In 1960, Mr. Yeager began teaching at Catonsville Junior High School. He later became a guidance counselor, a position he held at the school for more than three decades until retiring in the 1990s.
"It was Ken who left behind so many lasting memories to people," said Kyle Lowe, who was at Catonsville Junior High School in the mid-1980s.
"He had a knack for listening and giving advice, and he was as close to me and was like a second father," said Mr. Lowe, who is now a Prince George's County park ranger. "His legacy is that he was always there for so many people."
"He was our counselor and very caring. He went beyond the bounds to make connections, and if he had to break a rule to do that, he did," said Chandler Louden, who was at the junior high in the 1970s and is now a plumbing contractor. "He was genuine and always your friend."
In addition to his work at the junior high school, he was a counselor and eventually principal of the Catonsville Evening High School and Catonsville Adult Center.
"The evening high school became a place where expelled students could earn the right to re-enter day school to get their diplomas," said his daughter, Cynthia Scourtis of Glenwood.
"Though he was offered other opportunities in the county school system, he remained committed to the students and declined offers in order to stay connected with the youth," said Ms. Scourtis. "With his calm and caring nature, he made a difference in each student's life and direction by listening, giving advice and engaging in activities with them."
"He was our site coordinator for the continuing education program for all of the Baltimore County public high schools and did all of our data tracking," said Louise Slezak, who is the Community College of Baltimore County's dean of community and continuing education.
"These were noncredit night courses like wellness, physical fitness or photography," said Ms. Slezak. "He was such a delightful person, who took a real interest in people. Ken believed he could serve the community through education. He had such a passion for life and was always ready to go."
Ms. Scourtis said her father also organized an annual Thanksgiving food drive for the Catonsville middle-school students, which "left them with life lessons and fond memories of delivering station wagon-loads of baskets to the needy."
Father Lindh-Payne recalled delivering food baskets as a middle-schooler at Catonsville.
"It was an experience he made possible for us. I remember going to the door and hearing the patter of little feet, and when the door opened, I realized it was the brother of a friend of mine," said Father Lindh-Payne.
"I did not realize that my neighbors had that kind of need. It was an experience that changed the trajectory of my life," he said. "That's when I realized that things were not right in the world, and it was Ken who helped make that experience happen."
Mr. Yeager was presented an Outstanding Educator Award in 1987 from the Teachers Association of Baltimore County.
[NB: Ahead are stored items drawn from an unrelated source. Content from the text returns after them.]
lemma lin_indep: "lin_indep_mod p index (allpolys p n K L) {X. X \<subseteq> {1..n}}"
  unfolding lin_indep_mod_def
proof (intro allI impI ballI)
  fix c :: "nat set + nat set + nat set \<Rightarrow> int" and i
  assume "\<forall>X\<in>{X. X \<subseteq> {1..n}}. (\<Sum>i\<in>index. c i * allpolys p n K L i X) mod int p = 0"
  then have vanishing: "int p dvd combination (\<lambda>A. c (Inl A)) (\<lambda>S. c (Inr (Inl S))) (\<lambda>I. c (Inr (Inr I))) X"
    if "X \<subseteq> {1..n}" for X
    using that by (simp add: sum_index_eq_combination dvd_eq_mod_eq_0)
  assume "i \<in> index"
  then have "int p dvd c i"
    unfolding index_def
    using f_coeff_dvd[OF vanishing] q_coeff_dvd[OF vanishing] g_coeff_dvd[OF vanishing] by blast
  then show "c i mod int p = 0" by simp
qed

lemma low_degree_allpolys:
  assumes "i \<in> index" shows "low_degree n (card L) (allpolys p n K L i)"
proof -
  consider (f) A where "A \<in> \<A>" "i = Inl A" | (q) S where "S \<in> q_sets" "i = Inr (Inl S)"
    | (g) I where "I \<in> g_sets" "i = Inr (Inr I)"
    using assms unfolding index_def by blast
  then show ?thesis
  proof cases
    case f
    then show ?thesis using family low_degree_fpoly finite_L by (simp add: allpolys_def)
  next
    case q
    then have S_sub: "S \<subseteq> {1..n}" and card_S: "card S + 1 \<le> card L"
      by (auto simp: q_sets_def subset_iff)
    then have "1 \<le> n" using n_ge by linarith
    then show ?thesis
      using low_degree_mono[OF low_degree_qpoly[OF S_sub] card_S] q by (simp add: allpolys_def)
  next
    case g
    then have I_sub: "I \<subseteq> {1..n}" and card_I: "2 * card K + card I \<le> card L"
      by (auto simp: g_sets_def subset_iff)
    then show ?thesis
      using low_degree_mono[OF low_degree_gIpoly[OF finite_K I_sub] card_I] g by (simp add: allpolys_def)
  qed
qed

lemma card_index: "card index = card \<A> + card q_sets + card g_sets"
proof -
  have d1: "(Inl ` \<A> \<union> Inr ` Inl ` q_sets) \<inter> Inr ` Inr ` g_sets = {}"
    and d2: "Inl ` \<A> \<inter> Inr ` Inl ` q_sets = {}"
    by auto
  with finite_family finite_q_sets finite_g_sets show ?thesis
    unfolding index_def
    by (simp add: card_Un_disjoint[OF _ _ d1] card_Un_disjoint[OF _ _ d2] card_image inj_on_def)
qed

lemma card_family_le:
  "card \<A> \<le> (\<Sum>t\<in>{t. card L < t + 2 * card K \<and> t \<le> card L}. (n - 1) choose t)"
proof -
  let ?R = "{t. card L < t + 2 * card K \<and> t \<le> card L}"
  let ?layers = "{T. T \<subseteq> {1..n - 1} \<and> card T \<in> ?R}"
  have "finite index" using finite_family finite_q_sets finite_g_sets by (simp add: index_def)
  moreover have "\<forall>i\<in>index. \<exists>b. \<forall>X\<in>{X. X \<subseteq> {1..n}}.
      allpolys p n K L i X = (\<Sum>T\<in>monomials n (card L). b T * (if T \<subseteq> X then 1 else 0))"
    using low_degree_allpolys by (simp add: low_degree_def)
  ultimately have "card index \<le> card (monomials n (card L))"
    by (rule lin_indep_mod_card_le[OF prime_gt_1_nat[OF prime] _ finite_monomials lin_indep])
  also have "\<dots> \<le> card (monomials (n - 1) (card L)) + card q_sets"
    using card_monomials_le by (simp add: q_sets_def)
  also have "card (monomials (n - 1) (card L)) = card g_sets + card ?layers"
  proof -
    have "monomials (n - 1) (card L) = g_sets \<union> ?layers" by (auto simp: monomials_def g_sets_def)
    moreover have "g_sets \<inter> ?layers = {}" by (auto simp: g_sets_def)
    moreover have "finite ?layers" by (rule finite_subset[of _ "Pow {1..n - 1}"]) auto
    ultimately show ?thesis using finite_g_sets by (simp add: card_Un_disjoint)
  qed
  finally have "card \<A> \<le> card ?layers" by (simp add: card_index)
  also have "\<dots> = (\<Sum>t\<in>?R. (n - 1) choose t)"
    using card_subsets_card_in[of "{1..n - 1}" ?R] finite_subset[of ?R "{..card L}"] by simp
  finally show ?thesis .
qed

end

theorem mainTheorem7:
  fixes p n :: nat and K L :: "nat set" and \<A> :: "nat set set"
  assumes "prime p"
    and "K \<subseteq> {0..<p}" and "L \<subseteq> {0..<p}" and "K \<inter> L = {}" and "K \<noteq> {}"
    and "\<forall>A\<in>\<A>. A \<subseteq> {1..n}"
    and "\<forall>A\<in>\<A>. card A mod p \<in> K"
    and "\<forall>A\<in>\<A>. \<forall>B\<in>\<A>. A \<noteq> B \<longrightarrow> card (A \<inter> B) mod p \<in> L"
    and "n \<ge> card L + Max K"
    and "int n < int p + int (Min K) \<or>
         (int (card L) - 2 * int (card K) + 1) + int (Max K) < int p + int (Min K) - 1"
  shows "lin_indep_mod p
           (Inl ` \<A>
            \<union> Inr ` Inl ` {S. S \<subseteq> {1..n-1} \<and> int (card S) \<le> int (card L) - 1}
            \<union> Inr ` Inr ` {I. I \<subseteq> {1..n-1} \<and> int (card I) \<le> int (card L) - 2 * int (card K)})
           (allpolys p n K L) {X. X \<subseteq> {1..n}}
       \<and> card \<A> \<le> (\<Sum>t\<in>{t::nat. int (card L) - 2 * int (card K) + 1 \<le> int t \<and> t \<le> card L}.
                      (n - 1) choose t)"
proof -
  interpret mod_p_intersecting_family p n K L \<A>
    by (rule mod_p_intersecting_family.intro[OF assms])
  have "{S. S \<subseteq> {1..n-1} \<and> int (card S) \<le> int (card L) - 1} = q_sets"
    by (auto simp: q_sets_def)
  moreover have "{I. I \<subseteq> {1..n-1} \<and> int (card I) \<le> int (card L) - 2 * int (card K)} = g_sets"
    by (auto simp: g_sets_def)
  moreover have "{t::nat. int (card L) - 2 * int (card K) + 1 \<le> int t \<and> t \<le> card L}
      = {t. card L < t + 2 * card K \<and> t \<le> card L}"
    by auto
  ultimately show ?thesis
    using lin_indep card_family_le unfolding index_def by simp
qed

end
Mr. Yeager was a communicant of Holy Apostles Episcopal Church in Arbutus for 70 years, where he was director of Christian education and director of acolytes and served as a lay reader and chalicist. He also served on the vestry and was a member of several search committees that brought new rectors to the church.
It was also at Holy Apostle that he met his future wife, who was director of music until her retirement in 2005, after which they became parishioners of St. Bartholomew Episcopal Church in Ten Hills.
"Ken has lived his Christian faith in every area of his life, sharing God's love and care with family, friends, church and work committees," said the Rev. Thelma Smullen, a longtime friend who served as pastor of both parishes. "He is an extraordinary example of one who takes his baptismal covenant seriously, living it out day by day."
Mr. Yeager enjoyed boating and water skiing and was an accomplished woodworker. He also was a gardener and an avid HO-gauge model railroader who built an extensive layout, family members said.
A memorial service will be held at 11 a.m. Saturday at his church, 4711 Edmondson Ave.
In addition to his wife of 55 years and daughter, Mr. Yeager is survived by a son, Donald Yeager of Ellicott City; a sister, Shirley Walker of Easton; and three grandchildren.